··· DATA UNDER STUDY ···
lemma additive_on_sum:
  fixes phi :: "'a::comm_monoid_add \<Rightarrow> 'b::ab_group_add"
  assumes zero: "0 \<in> N" and closed: "\<forall>v\<in>N. \<forall>v'\<in>N. v + v' \<in> N"
    and additive: "\<forall>v\<in>N. \<forall>v'\<in>N. phi (v + v') = phi v + phi v'" and f: "\<forall>a\<in>A. f a \<in> N"
  shows "phi (sum f A) = (\<Sum>a\<in>A. phi (f a))"
proof -
  have "phi 0 = 0" using zero additive by (metis add_cancel_left_left add_0)
  have "phi (sum f A) = (\<Sum>a\<in>A. phi (f a)) \<and> sum f A \<in> N"
    using f by (induction A rule: infinite_finite_induct) (simp_all add: \<open>phi 0 = 0\<close> zero closed additive)
  then show ?thesis ..
qed

lemma polynomial_rep_curve_interpolation:
  fixes smult :: "polyA \<Rightarrow> 'm::ab_group_add \<Rightarrow> 'm" and deg :: "'t \<Rightarrow> nat"
  assumes rep: "polynomial_rep_via deg smult act" and B: "B > 0"
    and nodes: "infinite S" "0 \<notin> S"
  shows "\<exists>T c. finite T \<and> T \<subseteq> S \<and> m = (\<Sum>a\<in>T. smult (constA (c a)) (act (curve n B a) m))"
proof -
  obtain N :: "(('t \<times> nat list) \<Rightarrow>\<^sub>0 complex) set" and phi
    where N: "0 \<in> N" "\<forall>v\<in>N. \<forall>v'\<in>N. v + v' \<in> N" "\<forall>c. \<forall>v\<in>N. tscale c v \<in> N"
      "\<forall>g\<in>GLinf. \<forall>v\<in>N. tact g v \<in> N"
    and phi: "\<forall>v\<in>N. \<forall>v'\<in>N. phi (v + v') = phi v + phi v'"
      "\<forall>c. \<forall>v\<in>N. phi (tscale c v) = smult (constA c) (phi v)"
      "\<forall>g\<in>GLinf. \<forall>v\<in>N. phi (tact g v) = act g (phi v)" "phi ` N = UNIV"
    using rep unfolding polynomial_rep_via_def by (elim exE conjE) (rule that; assumption)
  obtain v where v: "v \<in> N" "phi v = m" using phi(4) by (metis UNIV_I imageE)
  obtain T where T: "finite T" "card T = Suc ((\<Sum>p\<in>Poly_Mapping.keys v. length (snd p)) * B ^ (n * n + n))"
      "T \<subseteq> S"
    using infinite_arbitrarily_large[OF nodes(1)] by blast
  define c where "c a = (\<Prod>b\<in>T - {a}. (1 - b) / (a - b))" for a
  have GL: "curve n B a \<in> GLinf" if "a \<in> T" for a
    using that T(3) nodes(2) by (intro curve_in_GLinf) auto
  have interp: "v = (\<Sum>a\<in>T. tscale (c a) (tact (curve n B a) v))"
    unfolding c_def curve_def
    by (rule tact_interpolation[OF curve_entry_below_diag curve_entry_at_one degree_curve_entry[OF B] T(1,2)])
  have summands: "\<forall>a\<in>T. tscale (c a) (tact (curve n B a) v) \<in> N"
    using GL N(3,4) v(1) by blast
  have "m = phi v" using v(2) by simp
  also have "\<dots> = phi (\<Sum>a\<in>T. tscale (c a) (tact (curve n B a) v))"
    by (rule arg_cong[OF interp])
  also have "\<dots> = (\<Sum>a\<in>T. phi (tscale (c a) (tact (curve n B a) v)))"
    using additive_on_sum[OF N(1,2) phi(1) summands] .
  also have "\<dots> = (\<Sum>a\<in>T. smult (constA (c a)) (act (curve n B a) m))"
    using GL N(4) phi(2,3) v by (intro sum.cong refl) simp
  finally show ?thesis using T(1,3) by blast
qed

theorem mainTheorem15:
  fixes smult :: "polyA \<Rightarrow> 'm::ab_group_add \<Rightarrow> 'm"
    and act :: "(nat \<Rightarrow> nat \<Rightarrow> complex) \<Rightarrow> 'm \<Rightarrow> 'm"
    and deg :: "'t \<Rightarrow> nat"
  assumes "module smult"
    and "compatible_GL_action smult act"
    and "polynomial_rep_via deg smult act"
    and "tensor_frac_zero smult"
  shows "ideal_times smult max_ideal = UNIV"
proof -
  have "m \<in> ideal_times smult max_ideal" for m
  proof -
    obtain u where u: "u \<noteq> 0" "smult u m = 0"
      using annihilator_if_tensor_frac_zero[OF assms(1,4)] .
    obtain n B where B: "B \<ge> 2" and P: "peval (\<lambda>c. [:c:]) (gram_var n B) u \<noteq> 0"
      using exists_gram_curve_nonvanishing[OF u(1)] .
    let ?S = "{t. t \<noteq> 0 \<and> poly (peval (\<lambda>c. [:c:]) (gram_var n B) u) t \<noteq> 0}"
    have "\<exists>T c. finite T \<and> T \<subseteq> ?S \<and> m = (\<Sum>a\<in>T. smult (constA (c a)) (act (curve n B a) m))"
      by (rule polynomial_rep_curve_interpolation[OF assms(3)]) (use B infinite_non_roots[OF P] in auto)
    then obtain T c where T: "finite T" "T \<subseteq> ?S"
      and m: "m = (\<Sum>a\<in>T. smult (constA (c a)) (act (curve n B a) m))"
      by blast
    have "act (curve n B a) m \<in> ideal_times smult max_ideal" if "a \<in> T" for a
      using act_curve_in_ideal_times[OF assms(1,2) u(2)] that T(2) by blast
    then show ?thesis
      unfolding ideal_times_def
      by (subst m) (intro module.span_sum[OF assms(1)] module.span_scale[OF assms(1)])
  qed
  then show ?thesis by auto
qed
···
- **DIRECTIONS**: Copy out each line of the material above, word for word, from the first down to the line containing "using f by (induction". Add nothing.

- **RESULT OF THE TASK**:
lemma additive_on_sum:
  fixes phi :: "'a::comm_monoid_add \<Rightarrow> 'b::ab_group_add"
  assumes zero: "0 \<in> N" and closed: "\<forall>v\<in>N. \<forall>v'\<in>N. v + v' \<in> N"
    and additive: "\<forall>v\<in>N. \<forall>v'\<in>N. phi (v + v') = phi v + phi v'" and f: "\<forall>a\<in>A. f a \<in> N"
  shows "phi (sum f A) = (\<Sum>a\<in>A. phi (f a))"
proof -
  have "phi 0 = 0" using zero additive by (metis add_cancel_left_left add_0)
  have "phi (sum f A) = (\<Sum>a\<in>A. phi (f a)) \<and> sum f A \<in> N"
    using f by (induction A rule: infinite_finite_induct) (simp_all add: \<open>phi 0 = 0\<close> zero closed additive)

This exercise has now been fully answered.